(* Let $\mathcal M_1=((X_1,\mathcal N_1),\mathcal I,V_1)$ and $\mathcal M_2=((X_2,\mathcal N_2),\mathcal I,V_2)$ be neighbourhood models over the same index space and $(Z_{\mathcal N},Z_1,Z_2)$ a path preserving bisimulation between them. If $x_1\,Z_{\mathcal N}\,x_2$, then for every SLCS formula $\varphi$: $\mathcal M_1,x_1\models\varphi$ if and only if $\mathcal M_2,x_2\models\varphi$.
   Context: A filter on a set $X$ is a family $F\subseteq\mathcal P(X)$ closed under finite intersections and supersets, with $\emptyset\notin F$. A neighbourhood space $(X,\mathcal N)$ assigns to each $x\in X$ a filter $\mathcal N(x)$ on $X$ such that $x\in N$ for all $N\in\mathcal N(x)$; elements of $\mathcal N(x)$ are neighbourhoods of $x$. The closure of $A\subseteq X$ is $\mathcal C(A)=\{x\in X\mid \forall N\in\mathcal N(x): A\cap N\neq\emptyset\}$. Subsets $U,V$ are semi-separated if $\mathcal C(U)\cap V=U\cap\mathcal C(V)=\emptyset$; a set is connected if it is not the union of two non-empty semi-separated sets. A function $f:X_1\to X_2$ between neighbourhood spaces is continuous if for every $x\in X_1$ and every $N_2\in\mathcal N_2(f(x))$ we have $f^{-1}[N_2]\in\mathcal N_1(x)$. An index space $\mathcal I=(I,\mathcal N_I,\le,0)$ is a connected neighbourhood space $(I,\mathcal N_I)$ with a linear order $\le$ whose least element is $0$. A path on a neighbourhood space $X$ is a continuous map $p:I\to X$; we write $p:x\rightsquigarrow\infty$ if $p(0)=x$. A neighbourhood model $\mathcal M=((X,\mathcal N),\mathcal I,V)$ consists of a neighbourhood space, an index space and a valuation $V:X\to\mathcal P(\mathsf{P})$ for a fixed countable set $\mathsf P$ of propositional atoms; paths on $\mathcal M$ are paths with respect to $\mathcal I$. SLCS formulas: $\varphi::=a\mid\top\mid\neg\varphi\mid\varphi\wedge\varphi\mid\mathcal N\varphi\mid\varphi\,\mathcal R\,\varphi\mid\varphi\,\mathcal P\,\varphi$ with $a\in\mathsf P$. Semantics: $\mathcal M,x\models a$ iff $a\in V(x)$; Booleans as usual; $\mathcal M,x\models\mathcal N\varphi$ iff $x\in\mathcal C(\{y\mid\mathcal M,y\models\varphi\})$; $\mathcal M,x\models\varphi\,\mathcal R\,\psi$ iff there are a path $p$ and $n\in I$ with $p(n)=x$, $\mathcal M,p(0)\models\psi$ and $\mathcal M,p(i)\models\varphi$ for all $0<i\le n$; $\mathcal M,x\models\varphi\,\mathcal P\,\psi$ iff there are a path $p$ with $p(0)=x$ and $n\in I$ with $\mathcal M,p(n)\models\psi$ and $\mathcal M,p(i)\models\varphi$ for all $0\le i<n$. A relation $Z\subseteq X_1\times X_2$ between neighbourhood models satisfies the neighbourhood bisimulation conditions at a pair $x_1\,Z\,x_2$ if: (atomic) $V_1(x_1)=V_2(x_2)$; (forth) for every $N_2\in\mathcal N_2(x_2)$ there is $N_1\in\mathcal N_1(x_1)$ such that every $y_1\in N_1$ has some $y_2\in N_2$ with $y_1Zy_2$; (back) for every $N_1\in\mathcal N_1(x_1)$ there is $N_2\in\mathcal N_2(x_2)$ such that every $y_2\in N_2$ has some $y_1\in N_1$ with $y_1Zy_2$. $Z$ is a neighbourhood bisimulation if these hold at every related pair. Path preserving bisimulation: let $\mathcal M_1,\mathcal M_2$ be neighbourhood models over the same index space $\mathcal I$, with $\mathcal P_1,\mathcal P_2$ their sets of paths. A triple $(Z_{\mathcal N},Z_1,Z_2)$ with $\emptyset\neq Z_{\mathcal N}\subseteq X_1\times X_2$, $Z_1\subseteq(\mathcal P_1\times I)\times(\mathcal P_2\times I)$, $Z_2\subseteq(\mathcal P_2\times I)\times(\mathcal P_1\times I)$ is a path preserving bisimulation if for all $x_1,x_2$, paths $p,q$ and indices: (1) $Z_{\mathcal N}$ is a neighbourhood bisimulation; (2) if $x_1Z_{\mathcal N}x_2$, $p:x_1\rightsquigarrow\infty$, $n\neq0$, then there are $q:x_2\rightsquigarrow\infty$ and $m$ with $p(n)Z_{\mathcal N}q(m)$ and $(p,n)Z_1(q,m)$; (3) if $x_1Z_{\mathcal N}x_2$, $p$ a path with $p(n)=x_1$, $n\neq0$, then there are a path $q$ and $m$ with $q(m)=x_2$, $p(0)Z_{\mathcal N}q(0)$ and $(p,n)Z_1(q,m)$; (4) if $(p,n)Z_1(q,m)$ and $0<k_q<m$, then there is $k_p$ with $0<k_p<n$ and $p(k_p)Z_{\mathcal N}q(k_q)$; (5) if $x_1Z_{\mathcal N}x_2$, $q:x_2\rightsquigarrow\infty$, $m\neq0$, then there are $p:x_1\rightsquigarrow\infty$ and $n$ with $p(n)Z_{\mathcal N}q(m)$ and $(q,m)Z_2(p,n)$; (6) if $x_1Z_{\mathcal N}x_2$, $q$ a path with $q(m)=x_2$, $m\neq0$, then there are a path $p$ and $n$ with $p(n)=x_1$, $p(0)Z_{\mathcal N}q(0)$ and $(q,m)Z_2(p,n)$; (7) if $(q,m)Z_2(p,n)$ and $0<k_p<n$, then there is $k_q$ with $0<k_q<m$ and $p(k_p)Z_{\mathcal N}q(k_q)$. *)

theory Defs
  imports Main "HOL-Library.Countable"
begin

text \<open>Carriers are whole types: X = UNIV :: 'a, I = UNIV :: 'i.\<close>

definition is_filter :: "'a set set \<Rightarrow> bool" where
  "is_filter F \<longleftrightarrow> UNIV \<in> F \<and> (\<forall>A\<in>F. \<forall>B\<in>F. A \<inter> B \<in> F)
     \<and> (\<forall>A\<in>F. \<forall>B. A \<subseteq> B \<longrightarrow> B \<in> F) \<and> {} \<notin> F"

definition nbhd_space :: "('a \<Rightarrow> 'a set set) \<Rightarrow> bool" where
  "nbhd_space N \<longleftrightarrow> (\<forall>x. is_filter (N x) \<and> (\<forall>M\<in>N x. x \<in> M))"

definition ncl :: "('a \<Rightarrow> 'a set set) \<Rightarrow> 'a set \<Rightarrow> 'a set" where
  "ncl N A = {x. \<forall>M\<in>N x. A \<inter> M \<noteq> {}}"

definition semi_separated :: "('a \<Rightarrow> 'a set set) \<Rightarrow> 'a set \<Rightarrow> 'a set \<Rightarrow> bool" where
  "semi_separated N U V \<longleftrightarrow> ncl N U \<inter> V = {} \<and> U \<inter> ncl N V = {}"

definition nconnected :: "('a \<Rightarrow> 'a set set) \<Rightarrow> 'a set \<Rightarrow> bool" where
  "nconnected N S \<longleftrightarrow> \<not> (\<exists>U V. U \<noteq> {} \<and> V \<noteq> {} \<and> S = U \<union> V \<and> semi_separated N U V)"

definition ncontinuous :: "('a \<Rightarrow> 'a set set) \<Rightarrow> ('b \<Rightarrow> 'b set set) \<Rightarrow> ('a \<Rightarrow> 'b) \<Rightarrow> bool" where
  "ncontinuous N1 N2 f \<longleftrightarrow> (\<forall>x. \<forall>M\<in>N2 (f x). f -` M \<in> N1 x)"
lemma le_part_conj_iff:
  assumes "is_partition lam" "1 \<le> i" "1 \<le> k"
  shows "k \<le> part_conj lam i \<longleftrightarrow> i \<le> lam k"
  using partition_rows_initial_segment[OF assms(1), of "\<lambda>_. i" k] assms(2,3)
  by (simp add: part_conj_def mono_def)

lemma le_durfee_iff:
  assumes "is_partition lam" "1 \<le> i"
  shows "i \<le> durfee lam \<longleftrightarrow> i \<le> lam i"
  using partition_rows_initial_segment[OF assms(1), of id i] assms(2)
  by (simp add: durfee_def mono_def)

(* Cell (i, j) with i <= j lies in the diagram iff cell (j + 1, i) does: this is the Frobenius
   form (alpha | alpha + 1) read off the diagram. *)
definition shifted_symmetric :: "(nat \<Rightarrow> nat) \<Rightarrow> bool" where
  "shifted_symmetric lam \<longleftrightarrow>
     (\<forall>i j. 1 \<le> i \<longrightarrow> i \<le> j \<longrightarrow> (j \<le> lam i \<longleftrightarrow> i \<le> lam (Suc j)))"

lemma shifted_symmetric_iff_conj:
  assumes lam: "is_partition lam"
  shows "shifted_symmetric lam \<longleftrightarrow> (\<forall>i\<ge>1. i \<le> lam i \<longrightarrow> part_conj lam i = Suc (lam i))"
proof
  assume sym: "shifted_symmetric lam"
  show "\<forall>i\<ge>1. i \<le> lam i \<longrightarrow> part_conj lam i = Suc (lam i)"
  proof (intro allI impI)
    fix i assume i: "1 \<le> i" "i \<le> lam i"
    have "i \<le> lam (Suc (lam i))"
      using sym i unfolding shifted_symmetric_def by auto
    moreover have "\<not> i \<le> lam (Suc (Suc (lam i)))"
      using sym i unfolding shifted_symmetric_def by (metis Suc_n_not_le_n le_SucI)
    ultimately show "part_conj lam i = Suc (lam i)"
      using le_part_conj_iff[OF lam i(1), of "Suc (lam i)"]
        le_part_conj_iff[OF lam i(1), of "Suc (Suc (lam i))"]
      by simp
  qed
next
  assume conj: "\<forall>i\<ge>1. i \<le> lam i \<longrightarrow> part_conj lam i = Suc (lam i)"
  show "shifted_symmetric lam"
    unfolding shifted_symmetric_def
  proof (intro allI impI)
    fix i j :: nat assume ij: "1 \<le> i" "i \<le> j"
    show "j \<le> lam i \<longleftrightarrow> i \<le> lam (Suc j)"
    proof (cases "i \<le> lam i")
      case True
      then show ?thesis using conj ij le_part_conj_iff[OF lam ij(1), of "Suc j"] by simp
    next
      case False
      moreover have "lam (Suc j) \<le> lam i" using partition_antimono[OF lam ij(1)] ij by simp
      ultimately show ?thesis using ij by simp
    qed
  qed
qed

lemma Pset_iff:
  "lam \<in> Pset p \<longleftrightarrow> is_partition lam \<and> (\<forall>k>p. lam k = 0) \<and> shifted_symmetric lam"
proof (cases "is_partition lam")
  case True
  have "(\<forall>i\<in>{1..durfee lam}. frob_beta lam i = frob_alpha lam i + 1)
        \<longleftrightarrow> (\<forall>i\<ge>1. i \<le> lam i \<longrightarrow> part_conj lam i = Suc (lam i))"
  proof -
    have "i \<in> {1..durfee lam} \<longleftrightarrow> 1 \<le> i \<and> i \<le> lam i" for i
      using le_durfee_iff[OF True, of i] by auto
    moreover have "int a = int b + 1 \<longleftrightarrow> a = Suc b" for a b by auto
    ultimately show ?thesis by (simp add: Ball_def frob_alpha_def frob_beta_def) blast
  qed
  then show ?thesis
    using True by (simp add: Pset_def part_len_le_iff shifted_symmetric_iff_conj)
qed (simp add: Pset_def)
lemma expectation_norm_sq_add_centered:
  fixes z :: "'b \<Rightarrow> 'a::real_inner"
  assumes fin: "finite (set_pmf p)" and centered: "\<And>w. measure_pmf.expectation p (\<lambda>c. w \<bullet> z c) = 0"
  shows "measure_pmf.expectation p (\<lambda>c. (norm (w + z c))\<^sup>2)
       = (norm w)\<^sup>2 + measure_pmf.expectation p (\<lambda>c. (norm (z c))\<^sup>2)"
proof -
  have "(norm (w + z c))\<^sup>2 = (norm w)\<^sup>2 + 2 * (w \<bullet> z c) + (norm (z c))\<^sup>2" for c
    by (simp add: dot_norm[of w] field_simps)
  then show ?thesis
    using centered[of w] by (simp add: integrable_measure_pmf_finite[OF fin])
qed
============================================================
→ **What to produce**
Using the data above, transcribe the lines that run from the line with "N S \<longleftrightarrow>" to the line with "set) \<Rightarrow> ('b", both ends kept, and output nothing else.

→ **Answer for this exercise**
  "nconnected N S \<longleftrightarrow> \<not> (\<exists>U V. U \<noteq> {} \<and> V \<noteq> {} \<and> S = U \<union> V \<and> semi_separated N U V)"

definition ncontinuous :: "('a \<Rightarrow> 'a set set) \<Rightarrow> ('b \<Rightarrow> 'b set set) \<Rightarrow> ('a \<Rightarrow> 'b) \<Rightarrow> bool" where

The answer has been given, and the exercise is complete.